Mr. Caris eventually had to hire a full-time nurse to care for Rose when he was at the store. Then when he returned home after a long day at work, Mr. Caris spent the remaining fifteen or more hours providing loving care for his invalid wife.
He would bathe her, turn her so that she wouldn’t develop bedsores, clean her, and feed her first by mouth and in later years, through a tube. One can only imagine how heart-breaking it was for Mr. Caris to hour by hour, day by day watch his beautiful Rose slowly lose control of her body until she could not even perform the most basic of human functions on her own.
Yet, every day that Mr. Caris worked in that store, over the forty-some years until he retired; you would never have known that Mr. Caris had a care in the world. Not even once did he ever complain about his life.
When he walked in that door first thing in the morning until he locked up the store and left in the evening, the man had a smile on his face and a new joke or a funny story to tell. And every remaining hour of his life was spent taking care of Rose until she finally passed on, just a year or two before Mr. Caris finally retired.
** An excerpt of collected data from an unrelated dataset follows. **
lemma perturbed_RSD_equal_treatment: "equal_treatment 4 perturbed_RSD"
  unfolding equal_treatment_def
proof (intro allI impI)
  fix R and i j h :: nat
  assume R: "domain_gt 4 R" and ij: "i < 4" "j < 4" "R i = R j" and h: "h < 4"
  define K where "K = map R [0..<4]"
  have prof: "is_profile 4 R" using R by (simp add: domain_gt_def)
  have RK: "R = profile_of K" unfolding K_def by (rule profile_of_map[OF prof, symmetric])
  show "perturbed_RSD R i h = perturbed_RSD R j h"
  proof (cases "map_of lottery_table K")
    case None
    then show ?thesis
      using perturbed_RSD_eq_RSD RSD_equal_treatment[OF prof ij] unfolding K_def by simp
  next
    case (Some W)
    have "\<forall>i\<in>set [0, 1, 2, 3]. \<forall>j\<in>set [0, 1, 2, 3].
        K ! i = K ! j \<longrightarrow> map (shares K) [0, 1, 2, 3] ! i = map (shares K) [0, 1, 2, 3] ! j"
      using table_entry_ok_lookup[OF Some] unfolding table_entry_ok.simps Let_def by blast
    moreover have "i \<in> set [0, 1, 2, 3]" "j \<in> set [0, 1, 2, 3]" "K ! i = K ! j"
      using ij unfolding K_def by (auto simp: less_four_iff)
    ultimately have "map (shares K) [0, 1, 2, 3] ! i = map (shares K) [0, 1, 2, 3] ! j" by blast
    then have "shares K i = shares K j" using ij by (simp only: nth_map_four)
    moreover have "length K = 4" unfolding K_def by simp
    ultimately show ?thesis
      unfolding RK by (simp add: perturbed_RSD_profile_of[OF _ h])
  qed
qed

lemma no_gain_from_table:
  assumes "map_of lottery_table K = Some W" "i < 4" "p \<in> set perms4" "p \<noteq> K ! i"
    "in_domain4 (K[i := p])" "h < 4"
  shows "upper_share (K ! i) (shares (K[i := p]) i) h \<le> upper_share (K ! i) (shares K i) h \<and>
    upper_share p (shares K i) h \<le> upper_share p (shares (K[i := p]) i) h"
proof -
  have "\<forall>i\<in>set [0, 1, 2, 3]. \<forall>p\<in>set perms4. no_gain_between K i (map (shares K) [0, 1, 2, 3] ! i) p"
    using table_entry_ok_lookup[OF assms(1)] unfolding table_entry_ok.simps Let_def by blast
  moreover have "i \<in> set [0, 1, 2, 3]" "h \<in> set [0, 1, 2, 3]" using assms(2,6) by (auto simp: less_four_iff)
  ultimately have "no_gain_between K i (map (shares K) [0, 1, 2, 3] ! i) p" using assms(3) by blast
  then have "\<forall>h\<in>set [0, 1, 2, 3].
      upper_share (K ! i) (shares (K[i := p]) i) h \<le> upper_share (K ! i) (shares K i) h \<and>
      upper_share p (shares K i) h \<le> upper_share p (shares (K[i := p]) i) h"
    using assms(4,5) unfolding nth_map_four[OF assms(2)] no_gain_between_def Let_def by simp
  then show ?thesis using \<open>h \<in> set [0, 1, 2, 3]\<close> by blast
qed

lemma perturbed_RSD_strategyproof: "strategyproof 4 perturbed_RSD"
  unfolding strategyproof_def
proof (intro allI impI)
  fix i R R' and h :: nat
  assume i: "i < 4" and R: "domain_gt 4 R" and R': "domain_gt 4 R'"
    and others: "\<forall>j. j \<noteq> i \<longrightarrow> R j = R' j" and h: "h < 4"
  have prof: "is_profile 4 R" "is_profile 4 R'" using R R' by (simp_all add: domain_gt_def)
  define K K' where "K = map R [0..<4]" and "K' = map R' [0..<4]"
  have RK: "R = profile_of K" "R' = profile_of K'"
    unfolding K_def K'_def by (simp_all add: profile_of_map prof)
  have len: "length K = 4" "length K' = 4" unfolding K_def K'_def by simp_all
  have nth: "K ! i = R i" "K' ! i = R' i" using i unfolding K_def K'_def by simp_all
  have upd: "K[i := R' i] = K'" "K'[i := R i] = K"
    using others i by (auto simp: K_def K'_def nth_list_update intro!: nth_equalityI)
  have upper: "(\<Sum>h'\<in>{h'. h' < 4 \<and> prefers (R i) h' h}. perturbed_RSD Q i h') =
      real (upper_share (R i) (shares L i) h) / 24" if "Q = profile_of L" "length L = 4" for Q L
    using upper_contour_perturbed_RSD[OF that(2)] that(1) by simp
  show "(\<Sum>h'\<in>{h'. h' < 4 \<and> prefers (R i) h' h}. perturbed_RSD R' i h')
      \<le> (\<Sum>h'\<in>{h'. h' < 4 \<and> prefers (R i) h' h}. perturbed_RSD R i h')"
  proof (cases "R' i = R i")
    case True
    then have "R' = R" using others by (metis ext)
    then show ?thesis by simp
  next
    case False
    consider "map_of lottery_table K = None" "map_of lottery_table K' = None"
      | W where "map_of lottery_table K = Some W" | W where "map_of lottery_table K' = Some W"
      by fastforce
    then show ?thesis
    proof cases
      case 1
      then show ?thesis
        using RSD_upper_contour_mono[OF prof others i] perturbed_RSD_eq_RSD
        unfolding K_def K'_def by simp
    next
      case (2 W)
      then have "upper_share (R i) (shares K' i) h \<le> upper_share (R i) (shares K i) h"
        using no_gain_from_table[OF 2 i is_profile_in_perms4[OF prof(2) i]] False
          in_domain4_map[OF R'] h
        unfolding nth upd K'_def[symmetric] by simp
      then show ?thesis by (simp add: upper[OF RK(1) len(1)] upper[OF RK(2) len(2)] divide_right_mono)
    next
      case (3 W)
      then have "upper_share (R i) (shares K' i) h \<le> upper_share (R i) (shares K i) h"
        using no_gain_from_table[OF 3 i is_profile_in_perms4[OF prof(1) i]] False
          in_domain4_map[OF R] h
        unfolding nth upd K_def[symmetric] by simp
      then show ?thesis by (simp add: upper[OF RK(1) len(1)] upper[OF RK(2) len(2)] divide_right_mono)
    qed
  qed
qed

lemma perturbed_RSD_differs_from_RSD: "\<exists>R. domain_gt 4 R \<and> perturbed_RSD R 0 1 \<noteq> RSD 4 R 0 1"
proof -
  define K where "K = [[0, 1, 2, 3], [0, 1, 3, 2], [0, 2, 1, 3], [0, 2, 1, 3 :: nat]]"
  have "is_profile 4 (profile_of K)"
    unfolding is_profile_def is_pref_def by (auto simp: K_def profile_of_def less_four_iff)
  moreover have "\<forall>i<4. filter (\<lambda>h. h \<noteq> 2) (profile_of K i) = [0, 1, 3]"
    by (auto simp: K_def profile_of_def less_four_iff)
  ultimately have "domain_gt 4 (profile_of K)"
    unfolding domain_gt_def by (intro conjI exI[of _ 2] exI[of _ "[0, 1, 3]"]) simp_all
  moreover have "perturbed_RSD (profile_of K) 0 1 = 8 / 24"
    using perturbed_RSD_profile_of[of K 1 0]
    by (simp add: K_def shares_def orders_at_def lottery_table_def profile_of_def sum_list_replicate
        sd_assign_Cons del: sd_assign.simps(2))
  moreover have "RSD 4 (profile_of K) 0 1 = 10 / 24"
    unfolding RSD_four SD_lottery_Pair
    by (simp add: SD_def K_def perms4_def profile_of_def sd_assign_Cons del: sd_assign.simps(2))
  ultimately show ?thesis by auto
qed

theorem mainTheorem7:
  shows "\<exists>f. assignment_rule 4 f \<and> equal_treatment 4 f \<and> ex_post_efficient 4 f \<and>
           strategyproof 4 f \<and>
           (\<exists>R. domain_gt 4 R \<and> (\<exists>i<4. \<exists>h<4. f R i h \<noteq> RSD 4 R i h))"
proof (intro exI[of _ perturbed_RSD] conjI)
  show "assignment_rule 4 perturbed_RSD"
    by (rule assignment_rule_if_SD_lotteries) (rule perturbed_RSD_SD_lottery)
  show "ex_post_efficient 4 perturbed_RSD"
    by (rule ex_post_efficient_if_SD_lotteries) (rule perturbed_RSD_SD_lottery)
  show "equal_treatment 4 perturbed_RSD" by (rule perturbed_RSD_equal_treatment)
  show "strategyproof 4 perturbed_RSD" by (rule perturbed_RSD_strategyproof)
  have "(0::nat) < 4" "(1::nat) < 4" by simp_all
  then show "\<exists>R. domain_gt 4 R \<and> (\<exists>i<4. \<exists>h<4. perturbed_RSD R i h \<noteq> RSD 4 R i h)"
    using perturbed_RSD_differs_from_RSD by blast
qed

end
Mr. Phil Caris will forever be one of my heroes. A man who smiled and laughed, because he knew he had a job to do. And he would do that job as well as it could be done because he knew that was the only way in which he could provide the best possible care for his wife and three children.
There is no doubt that these are difficult times and they’ll likely get worse before they get better. We’re in the throes of the worst economy any of us have ever experienced. Some of us are making less money than we need to pay our bills. Many people have lost their jobs and many more will. Most of us have likely lost some or all of the money that we have invested or saved. Thousands of families are losing their homes.
However, what I might suggest that if we and the ones we love have their health, we truly can count ourselves fortunate. And to remember that whatever happens to us, feeling sorry for ourselves will only make matters worse.
There’s a saying that goes, “the optimist survives”. Mr. Caris never complained and never stopped smiling, even in the face of great tragedy. I’ll always be grateful that I had Mr. Caris in my life to remind me to keep smiling.